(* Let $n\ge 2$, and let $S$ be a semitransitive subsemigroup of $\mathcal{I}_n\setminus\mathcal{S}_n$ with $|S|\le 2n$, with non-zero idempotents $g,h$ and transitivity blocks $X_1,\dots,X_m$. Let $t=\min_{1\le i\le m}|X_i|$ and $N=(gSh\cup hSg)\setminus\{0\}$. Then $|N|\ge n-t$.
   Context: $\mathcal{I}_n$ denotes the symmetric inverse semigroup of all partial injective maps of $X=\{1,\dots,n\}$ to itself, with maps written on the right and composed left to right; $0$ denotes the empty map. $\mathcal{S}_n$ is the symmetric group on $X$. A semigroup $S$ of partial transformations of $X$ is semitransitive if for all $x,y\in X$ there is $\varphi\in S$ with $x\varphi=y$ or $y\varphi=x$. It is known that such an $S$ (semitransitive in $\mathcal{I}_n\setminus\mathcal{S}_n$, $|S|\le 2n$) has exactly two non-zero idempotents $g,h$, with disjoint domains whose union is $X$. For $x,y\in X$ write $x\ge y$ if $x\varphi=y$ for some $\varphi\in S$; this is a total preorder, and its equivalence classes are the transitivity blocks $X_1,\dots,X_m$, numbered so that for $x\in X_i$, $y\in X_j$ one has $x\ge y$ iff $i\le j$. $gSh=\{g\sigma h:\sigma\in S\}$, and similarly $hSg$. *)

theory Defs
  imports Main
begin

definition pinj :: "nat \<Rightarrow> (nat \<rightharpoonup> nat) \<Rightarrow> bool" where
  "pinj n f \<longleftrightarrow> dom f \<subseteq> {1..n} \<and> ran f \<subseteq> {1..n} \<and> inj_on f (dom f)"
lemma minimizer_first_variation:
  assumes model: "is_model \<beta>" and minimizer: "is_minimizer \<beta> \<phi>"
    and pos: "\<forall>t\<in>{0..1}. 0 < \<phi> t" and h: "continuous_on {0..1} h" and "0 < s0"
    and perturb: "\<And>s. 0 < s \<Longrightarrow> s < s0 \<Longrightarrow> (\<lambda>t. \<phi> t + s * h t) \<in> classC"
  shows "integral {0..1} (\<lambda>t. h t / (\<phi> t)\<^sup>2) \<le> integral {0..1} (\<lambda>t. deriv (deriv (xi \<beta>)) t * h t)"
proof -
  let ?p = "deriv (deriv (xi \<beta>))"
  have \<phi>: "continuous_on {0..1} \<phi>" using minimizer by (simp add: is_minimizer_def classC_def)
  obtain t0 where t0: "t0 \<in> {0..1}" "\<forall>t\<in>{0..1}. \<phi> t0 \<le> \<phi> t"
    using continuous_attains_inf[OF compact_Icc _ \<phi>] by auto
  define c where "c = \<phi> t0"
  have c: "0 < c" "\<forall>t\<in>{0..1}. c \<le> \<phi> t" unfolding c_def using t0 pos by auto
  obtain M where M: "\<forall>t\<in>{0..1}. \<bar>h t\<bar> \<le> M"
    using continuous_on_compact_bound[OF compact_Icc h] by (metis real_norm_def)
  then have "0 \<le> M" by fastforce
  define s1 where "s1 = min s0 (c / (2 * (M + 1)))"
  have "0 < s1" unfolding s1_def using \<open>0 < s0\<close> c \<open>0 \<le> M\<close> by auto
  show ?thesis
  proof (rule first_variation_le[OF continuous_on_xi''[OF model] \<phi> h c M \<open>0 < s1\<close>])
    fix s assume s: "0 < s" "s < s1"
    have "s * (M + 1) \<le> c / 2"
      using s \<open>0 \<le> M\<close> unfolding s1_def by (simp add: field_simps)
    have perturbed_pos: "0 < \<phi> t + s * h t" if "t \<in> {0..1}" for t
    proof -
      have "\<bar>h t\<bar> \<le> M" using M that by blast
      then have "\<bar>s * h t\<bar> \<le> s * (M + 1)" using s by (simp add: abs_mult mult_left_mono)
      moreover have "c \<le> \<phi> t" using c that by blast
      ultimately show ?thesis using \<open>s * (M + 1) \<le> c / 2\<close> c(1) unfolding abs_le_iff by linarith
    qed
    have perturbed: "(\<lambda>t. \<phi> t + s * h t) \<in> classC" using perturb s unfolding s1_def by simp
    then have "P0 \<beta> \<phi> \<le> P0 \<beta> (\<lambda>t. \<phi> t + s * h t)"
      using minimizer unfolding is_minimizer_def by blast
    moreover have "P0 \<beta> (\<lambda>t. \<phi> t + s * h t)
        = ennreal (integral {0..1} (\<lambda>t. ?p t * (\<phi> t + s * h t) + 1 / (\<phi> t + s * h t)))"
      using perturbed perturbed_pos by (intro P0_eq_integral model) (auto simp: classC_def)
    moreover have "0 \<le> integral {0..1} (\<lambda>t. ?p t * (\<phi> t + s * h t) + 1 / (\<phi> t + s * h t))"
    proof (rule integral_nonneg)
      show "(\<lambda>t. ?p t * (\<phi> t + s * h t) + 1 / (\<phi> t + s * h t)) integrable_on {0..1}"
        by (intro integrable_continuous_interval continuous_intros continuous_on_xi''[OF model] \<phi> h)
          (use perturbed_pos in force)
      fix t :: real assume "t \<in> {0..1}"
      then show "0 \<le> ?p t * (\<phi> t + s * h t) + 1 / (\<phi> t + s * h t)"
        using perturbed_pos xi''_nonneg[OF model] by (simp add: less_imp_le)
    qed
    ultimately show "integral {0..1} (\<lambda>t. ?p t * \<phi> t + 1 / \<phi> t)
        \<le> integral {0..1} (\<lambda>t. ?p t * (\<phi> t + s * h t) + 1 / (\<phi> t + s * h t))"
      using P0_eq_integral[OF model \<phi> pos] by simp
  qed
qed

...

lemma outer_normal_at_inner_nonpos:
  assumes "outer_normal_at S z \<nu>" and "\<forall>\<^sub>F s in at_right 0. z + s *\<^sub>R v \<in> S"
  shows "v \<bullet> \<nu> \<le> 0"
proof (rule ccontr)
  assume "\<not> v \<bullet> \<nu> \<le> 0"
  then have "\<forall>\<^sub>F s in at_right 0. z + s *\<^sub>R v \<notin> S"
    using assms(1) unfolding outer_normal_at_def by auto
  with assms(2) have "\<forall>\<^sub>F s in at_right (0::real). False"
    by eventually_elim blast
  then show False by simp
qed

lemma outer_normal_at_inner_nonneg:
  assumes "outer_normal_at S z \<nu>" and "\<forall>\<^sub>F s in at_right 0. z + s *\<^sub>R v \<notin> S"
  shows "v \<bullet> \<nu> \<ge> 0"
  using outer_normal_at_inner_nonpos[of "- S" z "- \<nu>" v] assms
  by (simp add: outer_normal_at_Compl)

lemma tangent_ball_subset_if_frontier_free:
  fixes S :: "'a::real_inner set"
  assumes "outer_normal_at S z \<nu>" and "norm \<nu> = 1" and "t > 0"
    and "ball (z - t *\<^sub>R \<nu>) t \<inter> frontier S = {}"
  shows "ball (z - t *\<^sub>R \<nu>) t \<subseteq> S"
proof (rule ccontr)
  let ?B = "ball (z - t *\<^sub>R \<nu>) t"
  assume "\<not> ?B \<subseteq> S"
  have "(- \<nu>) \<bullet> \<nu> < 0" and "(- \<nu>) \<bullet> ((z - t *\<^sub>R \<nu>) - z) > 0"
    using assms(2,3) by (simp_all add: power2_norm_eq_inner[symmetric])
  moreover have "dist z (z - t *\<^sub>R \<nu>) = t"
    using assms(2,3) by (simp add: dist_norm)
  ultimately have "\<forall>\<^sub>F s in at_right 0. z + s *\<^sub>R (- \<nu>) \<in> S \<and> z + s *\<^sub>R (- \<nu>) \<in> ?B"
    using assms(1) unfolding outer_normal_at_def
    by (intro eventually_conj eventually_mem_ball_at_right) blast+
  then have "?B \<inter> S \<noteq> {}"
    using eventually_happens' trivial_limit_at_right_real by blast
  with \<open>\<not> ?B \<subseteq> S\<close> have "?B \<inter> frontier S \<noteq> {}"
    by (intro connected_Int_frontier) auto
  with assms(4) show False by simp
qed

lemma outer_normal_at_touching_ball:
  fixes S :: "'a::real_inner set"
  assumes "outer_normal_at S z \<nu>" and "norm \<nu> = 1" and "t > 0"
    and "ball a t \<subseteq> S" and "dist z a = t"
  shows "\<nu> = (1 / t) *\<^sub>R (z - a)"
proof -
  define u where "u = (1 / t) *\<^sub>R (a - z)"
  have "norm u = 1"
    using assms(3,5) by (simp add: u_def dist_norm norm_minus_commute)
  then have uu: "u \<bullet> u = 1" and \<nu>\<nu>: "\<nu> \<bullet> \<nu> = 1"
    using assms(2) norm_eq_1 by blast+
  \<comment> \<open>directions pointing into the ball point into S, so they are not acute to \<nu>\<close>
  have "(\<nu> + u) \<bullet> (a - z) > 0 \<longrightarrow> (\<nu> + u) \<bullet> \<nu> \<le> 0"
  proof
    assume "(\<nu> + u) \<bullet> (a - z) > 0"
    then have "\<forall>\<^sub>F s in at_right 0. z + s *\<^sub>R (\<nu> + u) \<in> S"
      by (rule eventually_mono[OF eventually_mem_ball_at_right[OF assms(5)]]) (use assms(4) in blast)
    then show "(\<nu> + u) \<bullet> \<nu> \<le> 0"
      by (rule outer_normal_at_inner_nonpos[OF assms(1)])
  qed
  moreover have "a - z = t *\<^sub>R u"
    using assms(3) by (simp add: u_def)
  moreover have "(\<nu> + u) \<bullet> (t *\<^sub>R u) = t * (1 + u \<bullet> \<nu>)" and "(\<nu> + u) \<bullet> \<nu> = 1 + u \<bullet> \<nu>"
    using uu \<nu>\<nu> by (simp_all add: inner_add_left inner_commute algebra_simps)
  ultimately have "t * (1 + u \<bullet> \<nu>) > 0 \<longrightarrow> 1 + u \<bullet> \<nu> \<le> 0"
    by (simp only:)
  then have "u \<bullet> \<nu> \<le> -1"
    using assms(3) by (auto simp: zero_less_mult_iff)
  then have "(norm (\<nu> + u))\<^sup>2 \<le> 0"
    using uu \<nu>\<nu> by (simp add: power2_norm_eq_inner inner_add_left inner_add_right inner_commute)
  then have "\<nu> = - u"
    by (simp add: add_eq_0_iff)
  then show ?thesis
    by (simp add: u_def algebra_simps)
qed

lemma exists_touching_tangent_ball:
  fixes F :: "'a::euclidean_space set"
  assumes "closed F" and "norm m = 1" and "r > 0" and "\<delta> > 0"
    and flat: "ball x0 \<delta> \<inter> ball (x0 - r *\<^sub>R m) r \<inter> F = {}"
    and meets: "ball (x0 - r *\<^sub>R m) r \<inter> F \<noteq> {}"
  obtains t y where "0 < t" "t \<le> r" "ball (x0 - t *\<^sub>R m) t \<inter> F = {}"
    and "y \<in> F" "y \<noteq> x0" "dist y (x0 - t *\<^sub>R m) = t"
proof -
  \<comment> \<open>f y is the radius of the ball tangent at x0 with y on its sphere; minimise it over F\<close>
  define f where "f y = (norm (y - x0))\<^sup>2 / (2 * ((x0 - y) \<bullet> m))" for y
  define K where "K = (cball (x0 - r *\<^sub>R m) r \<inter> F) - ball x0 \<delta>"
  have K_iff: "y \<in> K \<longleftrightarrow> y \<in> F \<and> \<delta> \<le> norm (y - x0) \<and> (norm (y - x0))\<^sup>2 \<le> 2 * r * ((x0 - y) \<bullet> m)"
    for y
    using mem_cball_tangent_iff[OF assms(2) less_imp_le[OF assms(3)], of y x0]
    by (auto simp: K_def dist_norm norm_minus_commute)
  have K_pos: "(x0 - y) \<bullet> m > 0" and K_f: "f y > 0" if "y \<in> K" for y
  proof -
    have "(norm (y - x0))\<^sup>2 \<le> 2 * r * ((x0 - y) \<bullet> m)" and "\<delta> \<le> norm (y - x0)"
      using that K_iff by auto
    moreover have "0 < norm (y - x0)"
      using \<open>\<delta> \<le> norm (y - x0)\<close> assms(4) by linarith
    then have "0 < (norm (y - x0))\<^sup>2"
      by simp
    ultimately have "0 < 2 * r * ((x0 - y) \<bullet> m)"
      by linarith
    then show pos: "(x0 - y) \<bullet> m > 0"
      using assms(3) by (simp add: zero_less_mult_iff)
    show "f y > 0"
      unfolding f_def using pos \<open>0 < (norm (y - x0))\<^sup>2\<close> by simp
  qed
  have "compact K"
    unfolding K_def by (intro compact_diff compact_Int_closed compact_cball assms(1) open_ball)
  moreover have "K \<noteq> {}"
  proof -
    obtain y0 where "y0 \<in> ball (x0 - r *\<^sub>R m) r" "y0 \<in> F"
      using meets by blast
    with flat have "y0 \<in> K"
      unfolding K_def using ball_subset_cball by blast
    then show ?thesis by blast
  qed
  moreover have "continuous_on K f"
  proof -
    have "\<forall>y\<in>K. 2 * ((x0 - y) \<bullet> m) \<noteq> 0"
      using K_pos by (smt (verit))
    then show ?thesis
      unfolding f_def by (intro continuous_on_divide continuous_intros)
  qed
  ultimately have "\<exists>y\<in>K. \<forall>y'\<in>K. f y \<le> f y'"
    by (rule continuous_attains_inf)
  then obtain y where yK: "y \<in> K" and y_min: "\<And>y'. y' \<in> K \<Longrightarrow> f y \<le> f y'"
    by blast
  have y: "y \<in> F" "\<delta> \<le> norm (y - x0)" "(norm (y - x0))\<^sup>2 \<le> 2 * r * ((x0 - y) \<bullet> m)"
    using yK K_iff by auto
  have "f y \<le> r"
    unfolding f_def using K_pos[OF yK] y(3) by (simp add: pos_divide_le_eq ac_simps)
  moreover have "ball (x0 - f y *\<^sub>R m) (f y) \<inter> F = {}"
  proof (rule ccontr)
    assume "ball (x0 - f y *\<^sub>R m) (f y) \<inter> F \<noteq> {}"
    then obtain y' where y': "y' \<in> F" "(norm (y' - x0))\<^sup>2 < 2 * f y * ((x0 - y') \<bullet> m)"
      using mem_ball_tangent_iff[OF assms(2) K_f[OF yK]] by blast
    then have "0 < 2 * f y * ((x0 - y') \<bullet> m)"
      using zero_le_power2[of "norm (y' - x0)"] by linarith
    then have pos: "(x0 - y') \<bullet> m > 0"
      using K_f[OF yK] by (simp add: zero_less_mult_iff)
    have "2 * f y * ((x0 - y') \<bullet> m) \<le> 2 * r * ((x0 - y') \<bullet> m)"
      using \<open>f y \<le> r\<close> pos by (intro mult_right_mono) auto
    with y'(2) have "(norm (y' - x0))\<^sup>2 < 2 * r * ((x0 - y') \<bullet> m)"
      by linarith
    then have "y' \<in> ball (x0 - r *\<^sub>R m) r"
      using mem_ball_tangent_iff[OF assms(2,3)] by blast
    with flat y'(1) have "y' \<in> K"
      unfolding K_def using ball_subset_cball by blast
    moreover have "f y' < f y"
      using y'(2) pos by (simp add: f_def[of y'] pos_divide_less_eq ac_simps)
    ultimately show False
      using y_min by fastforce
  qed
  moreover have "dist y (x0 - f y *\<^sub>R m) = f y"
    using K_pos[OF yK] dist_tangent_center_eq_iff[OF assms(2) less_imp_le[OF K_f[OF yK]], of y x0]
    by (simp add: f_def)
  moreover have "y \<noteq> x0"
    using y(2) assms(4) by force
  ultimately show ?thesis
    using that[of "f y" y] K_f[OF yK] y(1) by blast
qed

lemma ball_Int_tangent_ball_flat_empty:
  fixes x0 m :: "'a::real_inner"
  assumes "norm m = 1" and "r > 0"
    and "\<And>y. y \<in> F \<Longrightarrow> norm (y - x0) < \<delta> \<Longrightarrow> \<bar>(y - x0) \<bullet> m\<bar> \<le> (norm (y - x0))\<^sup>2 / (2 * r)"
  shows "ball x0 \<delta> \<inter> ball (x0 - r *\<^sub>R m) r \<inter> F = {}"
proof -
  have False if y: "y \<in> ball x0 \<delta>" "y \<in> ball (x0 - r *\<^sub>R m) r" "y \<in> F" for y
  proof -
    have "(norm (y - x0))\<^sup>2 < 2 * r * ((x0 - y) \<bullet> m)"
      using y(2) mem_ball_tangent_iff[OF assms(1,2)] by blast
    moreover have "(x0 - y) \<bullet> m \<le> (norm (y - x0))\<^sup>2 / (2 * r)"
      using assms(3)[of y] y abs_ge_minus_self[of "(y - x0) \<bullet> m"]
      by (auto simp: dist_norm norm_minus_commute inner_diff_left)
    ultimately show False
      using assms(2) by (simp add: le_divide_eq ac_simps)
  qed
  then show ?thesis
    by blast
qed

---

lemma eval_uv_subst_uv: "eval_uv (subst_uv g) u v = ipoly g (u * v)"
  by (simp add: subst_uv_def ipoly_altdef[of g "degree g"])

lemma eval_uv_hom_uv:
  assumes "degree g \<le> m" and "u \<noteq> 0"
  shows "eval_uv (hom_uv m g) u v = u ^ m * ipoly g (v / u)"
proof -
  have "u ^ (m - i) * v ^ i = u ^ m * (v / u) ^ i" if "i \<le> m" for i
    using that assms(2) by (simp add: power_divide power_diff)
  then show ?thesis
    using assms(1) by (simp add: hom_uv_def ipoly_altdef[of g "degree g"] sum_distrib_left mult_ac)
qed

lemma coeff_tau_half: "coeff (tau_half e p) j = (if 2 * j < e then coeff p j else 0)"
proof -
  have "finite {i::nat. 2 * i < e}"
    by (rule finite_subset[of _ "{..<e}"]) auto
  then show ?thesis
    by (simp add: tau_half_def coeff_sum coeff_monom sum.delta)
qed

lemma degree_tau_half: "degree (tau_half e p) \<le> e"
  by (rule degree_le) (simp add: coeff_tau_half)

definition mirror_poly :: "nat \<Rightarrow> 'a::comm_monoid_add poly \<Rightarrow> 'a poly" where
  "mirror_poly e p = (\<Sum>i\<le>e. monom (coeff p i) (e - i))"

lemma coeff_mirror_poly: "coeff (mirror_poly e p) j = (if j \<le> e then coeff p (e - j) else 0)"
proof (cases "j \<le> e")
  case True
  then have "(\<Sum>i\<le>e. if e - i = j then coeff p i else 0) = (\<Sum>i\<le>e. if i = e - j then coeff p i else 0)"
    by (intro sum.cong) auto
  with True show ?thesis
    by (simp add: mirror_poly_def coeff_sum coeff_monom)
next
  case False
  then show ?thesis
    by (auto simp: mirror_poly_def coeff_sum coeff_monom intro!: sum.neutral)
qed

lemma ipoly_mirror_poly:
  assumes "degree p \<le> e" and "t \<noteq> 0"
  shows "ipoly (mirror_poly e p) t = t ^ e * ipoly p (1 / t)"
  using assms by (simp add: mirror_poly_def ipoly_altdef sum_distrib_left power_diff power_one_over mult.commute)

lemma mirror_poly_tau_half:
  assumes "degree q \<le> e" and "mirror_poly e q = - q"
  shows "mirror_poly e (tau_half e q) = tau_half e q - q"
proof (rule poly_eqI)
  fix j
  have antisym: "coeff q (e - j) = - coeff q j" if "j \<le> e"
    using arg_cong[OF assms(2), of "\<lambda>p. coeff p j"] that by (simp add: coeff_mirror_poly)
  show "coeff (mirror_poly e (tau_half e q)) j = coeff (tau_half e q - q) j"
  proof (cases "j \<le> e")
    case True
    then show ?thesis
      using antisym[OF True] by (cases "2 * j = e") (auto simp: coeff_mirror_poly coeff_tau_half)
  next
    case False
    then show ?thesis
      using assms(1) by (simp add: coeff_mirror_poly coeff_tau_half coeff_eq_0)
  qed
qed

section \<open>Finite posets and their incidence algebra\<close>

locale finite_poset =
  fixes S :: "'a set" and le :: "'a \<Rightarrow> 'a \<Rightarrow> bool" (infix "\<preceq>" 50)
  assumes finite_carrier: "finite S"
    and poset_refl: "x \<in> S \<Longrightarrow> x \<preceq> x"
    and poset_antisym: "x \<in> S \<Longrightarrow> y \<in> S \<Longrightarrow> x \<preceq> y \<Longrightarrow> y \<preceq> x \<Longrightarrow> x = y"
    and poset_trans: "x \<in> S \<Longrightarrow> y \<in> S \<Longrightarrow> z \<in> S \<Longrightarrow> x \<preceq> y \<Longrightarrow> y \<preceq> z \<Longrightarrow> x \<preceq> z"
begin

WHAT NEEDS TO BE DONE: Look above for the line holding "(* Let $n\ge". Print it and every line after it, exactly, through the line holding "< s \<Longrightarrow>".

TASK RESPONSE:
(* Let $n\ge 2$, and let $S$ be a semitransitive subsemigroup of $\mathcal{I}_n\setminus\mathcal{S}_n$ with $|S|\le 2n$, with non-zero idempotents $g,h$ and transitivity blocks $X_1,\dots,X_m$. Let $t=\min_{1\le i\le m}|X_i|$ and $N=(gSh\cup hSg)\setminus\{0\}$. Then $|N|\ge n-t$.
   Context: $\mathcal{I}_n$ denotes the symmetric inverse semigroup of all partial injective maps of $X=\{1,\dots,n\}$ to itself, with maps written on the right and composed left to right; $0$ denotes the empty map. $\mathcal{S}_n$ is the symmetric group on $X$. A semigroup $S$ of partial transformations of $X$ is semitransitive if for all $x,y\in X$ there is $\varphi\in S$ with $x\varphi=y$ or $y\varphi=x$. It is known that such an $S$ (semitransitive in $\mathcal{I}_n\setminus\mathcal{S}_n$, $|S|\le 2n$) has exactly two non-zero idempotents $g,h$, with disjoint domains whose union is $X$. For $x,y\in X$ write $x\ge y$ if $x\varphi=y$ for some $\varphi\in S$; this is a total preorder, and its equivalence classes are the transitivity blocks $X_1,\dots,X_m$, numbered so that for $x\in X_i$, $y\in X_j$ one has $x\ge y$ iff $i\le j$. $gSh=\{g\sigma h:\sigma\in S\}$, and similarly $hSg$. *)

theory Defs
  imports Main
begin

definition pinj :: "nat \<Rightarrow> (nat \<rightharpoonup> nat) \<Rightarrow> bool" where
  "pinj n f \<longleftrightarrow> dom f \<subseteq> {1..n} \<and> ran f \<subseteq> {1..n} \<and> inj_on f (dom f)"
lemma minimizer_first_variation:
  assumes model: "is_model \<beta>" and minimizer: "is_minimizer \<beta> \<phi>"
    and pos: "\<forall>t\<in>{0..1}. 0 < \<phi> t" and h: "continuous_on {0..1} h" and "0 < s0"
    and perturb: "\<And>s. 0 < s \<Longrightarrow> s < s0 \<Longrightarrow> (\<lambda>t. \<phi> t + s * h t) \<in> classC"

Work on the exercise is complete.